=== The records ===

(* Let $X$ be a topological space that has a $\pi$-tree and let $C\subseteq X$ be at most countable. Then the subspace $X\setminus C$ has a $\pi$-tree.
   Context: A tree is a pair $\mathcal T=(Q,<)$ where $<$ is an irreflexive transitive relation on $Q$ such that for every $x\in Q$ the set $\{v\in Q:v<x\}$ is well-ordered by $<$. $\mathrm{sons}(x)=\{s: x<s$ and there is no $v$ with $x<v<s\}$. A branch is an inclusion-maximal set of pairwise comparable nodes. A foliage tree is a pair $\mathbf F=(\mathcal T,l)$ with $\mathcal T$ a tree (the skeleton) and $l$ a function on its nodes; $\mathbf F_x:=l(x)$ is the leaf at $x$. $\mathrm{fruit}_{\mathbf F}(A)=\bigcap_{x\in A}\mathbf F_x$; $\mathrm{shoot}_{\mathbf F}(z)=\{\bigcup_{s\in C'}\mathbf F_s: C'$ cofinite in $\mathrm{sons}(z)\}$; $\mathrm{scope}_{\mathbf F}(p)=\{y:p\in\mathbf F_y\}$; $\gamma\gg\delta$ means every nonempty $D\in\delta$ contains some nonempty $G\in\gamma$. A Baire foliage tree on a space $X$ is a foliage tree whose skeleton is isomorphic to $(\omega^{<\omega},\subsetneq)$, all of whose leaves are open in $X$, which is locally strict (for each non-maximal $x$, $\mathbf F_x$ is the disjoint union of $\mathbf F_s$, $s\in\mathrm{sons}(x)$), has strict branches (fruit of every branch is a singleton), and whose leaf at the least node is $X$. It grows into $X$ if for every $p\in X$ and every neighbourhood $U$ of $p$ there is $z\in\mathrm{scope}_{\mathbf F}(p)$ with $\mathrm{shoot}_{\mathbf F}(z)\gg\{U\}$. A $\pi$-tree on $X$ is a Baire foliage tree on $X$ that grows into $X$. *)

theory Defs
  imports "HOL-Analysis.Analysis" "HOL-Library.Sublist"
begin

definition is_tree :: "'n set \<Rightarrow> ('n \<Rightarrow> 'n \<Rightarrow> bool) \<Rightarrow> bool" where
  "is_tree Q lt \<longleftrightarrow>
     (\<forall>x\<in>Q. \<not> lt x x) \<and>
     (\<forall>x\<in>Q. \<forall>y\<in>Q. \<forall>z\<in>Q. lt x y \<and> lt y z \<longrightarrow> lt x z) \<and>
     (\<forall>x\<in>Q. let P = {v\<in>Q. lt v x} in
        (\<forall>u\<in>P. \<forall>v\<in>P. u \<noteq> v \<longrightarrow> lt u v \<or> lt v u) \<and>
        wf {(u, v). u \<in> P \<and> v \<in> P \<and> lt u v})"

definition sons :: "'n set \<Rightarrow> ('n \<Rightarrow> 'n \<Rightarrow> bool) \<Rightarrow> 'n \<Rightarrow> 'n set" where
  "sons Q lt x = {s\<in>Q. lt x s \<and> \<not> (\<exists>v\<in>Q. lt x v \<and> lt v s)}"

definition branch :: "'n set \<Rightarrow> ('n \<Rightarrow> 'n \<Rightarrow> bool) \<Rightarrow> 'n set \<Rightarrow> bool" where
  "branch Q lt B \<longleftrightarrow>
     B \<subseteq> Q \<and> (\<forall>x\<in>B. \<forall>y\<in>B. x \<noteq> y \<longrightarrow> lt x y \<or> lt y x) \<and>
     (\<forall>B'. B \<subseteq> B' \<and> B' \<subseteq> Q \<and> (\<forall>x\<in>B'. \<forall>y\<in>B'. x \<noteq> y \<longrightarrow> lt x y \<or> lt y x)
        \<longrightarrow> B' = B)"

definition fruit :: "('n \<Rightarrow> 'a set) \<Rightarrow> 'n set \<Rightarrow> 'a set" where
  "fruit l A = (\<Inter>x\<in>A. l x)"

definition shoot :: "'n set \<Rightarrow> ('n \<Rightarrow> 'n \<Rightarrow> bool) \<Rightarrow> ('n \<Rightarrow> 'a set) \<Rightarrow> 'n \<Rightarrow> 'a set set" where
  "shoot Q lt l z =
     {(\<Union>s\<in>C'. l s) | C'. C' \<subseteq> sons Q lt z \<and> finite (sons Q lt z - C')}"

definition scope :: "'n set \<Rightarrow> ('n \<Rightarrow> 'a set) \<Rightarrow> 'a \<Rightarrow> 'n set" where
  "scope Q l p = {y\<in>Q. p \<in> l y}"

===

Reproduce the listing above verbatim.

▶ [Worked solution]:
(* Let $X$ be a topological space that has a $\pi$-tree and let $C\subseteq X$ be at most countable. Then the subspace $X\setminus C$ has a $\pi$-tree.
   Context: A tree is a pair $\mathcal T=(Q,<)$ where $<$ is an irreflexive transitive relation on $Q$ such that for every $x\in Q$ the set $\{v\in Q:v<x\}$ is well-ordered by $<$. $\mathrm{sons}(x)=\{s: x<s$ and there is no $v$ with $x<v<s\}$. A branch is an inclusion-maximal set of pairwise comparable nodes. A foliage tree is a pair $\mathbf F=(\mathcal T,l)$ with $\mathcal T$ a tree (the skeleton) and $l$ a function on its nodes; $\mathbf F_x:=l(x)$ is the leaf at $x$. $\mathrm{fruit}_{\mathbf F}(A)=\bigcap_{x\in A}\mathbf F_x$; $\mathrm{shoot}_{\mathbf F}(z)=\{\bigcup_{s\in C'}\mathbf F_s: C'$ cofinite in $\mathrm{sons}(z)\}$; $\mathrm{scope}_{\mathbf F}(p)=\{y:p\in\mathbf F_y\}$; $\gamma\gg\delta$ means every nonempty $D\in\delta$ contains some nonempty $G\in\gamma$. A Baire foliage tree on a space $X$ is a foliage tree whose skeleton is isomorphic to $(\omega^{<\omega},\subsetneq)$, all of whose leaves are open in $X$, which is locally strict (for each non-maximal $x$, $\mathbf F_x$ is the disjoint union of $\mathbf F_s$, $s\in\mathrm{sons}(x)$), has strict branches (fruit of every branch is a singleton), and whose leaf at the least node is $X$. It grows into $X$ if for every $p\in X$ and every neighbourhood $U$ of $p$ there is $z\in\mathrm{scope}_{\mathbf F}(p)$ with $\mathrm{shoot}_{\mathbf F}(z)\gg\{U\}$. A $\pi$-tree on $X$ is a Baire foliage tree on $X$ that grows into $X$. *)

theory Defs
  imports "HOL-Analysis.Analysis" "HOL-Library.Sublist"
begin

definition is_tree :: "'n set \<Rightarrow> ('n \<Rightarrow> 'n \<Rightarrow> bool) \<Rightarrow> bool" where
  "is_tree Q lt \<longleftrightarrow>
     (\<forall>x\<in>Q. \<not> lt x x) \<and>
     (\<forall>x\<in>Q. \<forall>y\<in>Q. \<forall>z\<in>Q. lt x y \<and> lt y z \<longrightarrow> lt x z) \<and>
     (\<forall>x\<in>Q. let P = {v\<in>Q. lt v x} in
        (\<forall>u\<in>P. \<forall>v\<in>P. u \<noteq> v \<longrightarrow> lt u v \<or> lt v u) \<and>
        wf {(u, v). u \<in> P \<and> v \<in> P \<and> lt u v})"

definition sons :: "'n set \<Rightarrow> ('n \<Rightarrow> 'n \<Rightarrow> bool) \<Rightarrow> 'n \<Rightarrow> 'n set" where
  "sons Q lt x = {s\<in>Q. lt x s \<and> \<not> (\<exists>v\<in>Q. lt x v \<and> lt v s)}"

definition branch :: "'n set \<Rightarrow> ('n \<Rightarrow> 'n \<Rightarrow> bool) \<Rightarrow> 'n set \<Rightarrow> bool" where
  "branch Q lt B \<longleftrightarrow>
     B \<subseteq> Q \<and> (\<forall>x\<in>B. \<forall>y\<in>B. x \<noteq> y \<longrightarrow> lt x y \<or> lt y x) \<and>
     (\<forall>B'. B \<subseteq> B' \<and> B' \<subseteq> Q \<and> (\<forall>x\<in>B'. \<forall>y\<in>B'. x \<noteq> y \<longrightarrow> lt x y \<or> lt y x)
        \<longrightarrow> B' = B)"

definition fruit :: "('n \<Rightarrow> 'a set) \<Rightarrow> 'n set \<Rightarrow> 'a set" where
  "fruit l A = (\<Inter>x\<in>A. l x)"

definition shoot :: "'n set \<Rightarrow> ('n \<Rightarrow> 'n \<Rightarrow> bool) \<Rightarrow> ('n \<Rightarrow> 'a set) \<Rightarrow> 'n \<Rightarrow> 'a set set" where
  "shoot Q lt l z =
     {(\<Union>s\<in>C'. l s) | C'. C' \<subseteq> sons Q lt z \<and> finite (sons Q lt z - C')}"

definition scope :: "'n set \<Rightarrow> ('n \<Rightarrow> 'a set) \<Rightarrow> 'a \<Rightarrow> 'n set" where
  "scope Q l p = {y\<in>Q. p \<in> l y}"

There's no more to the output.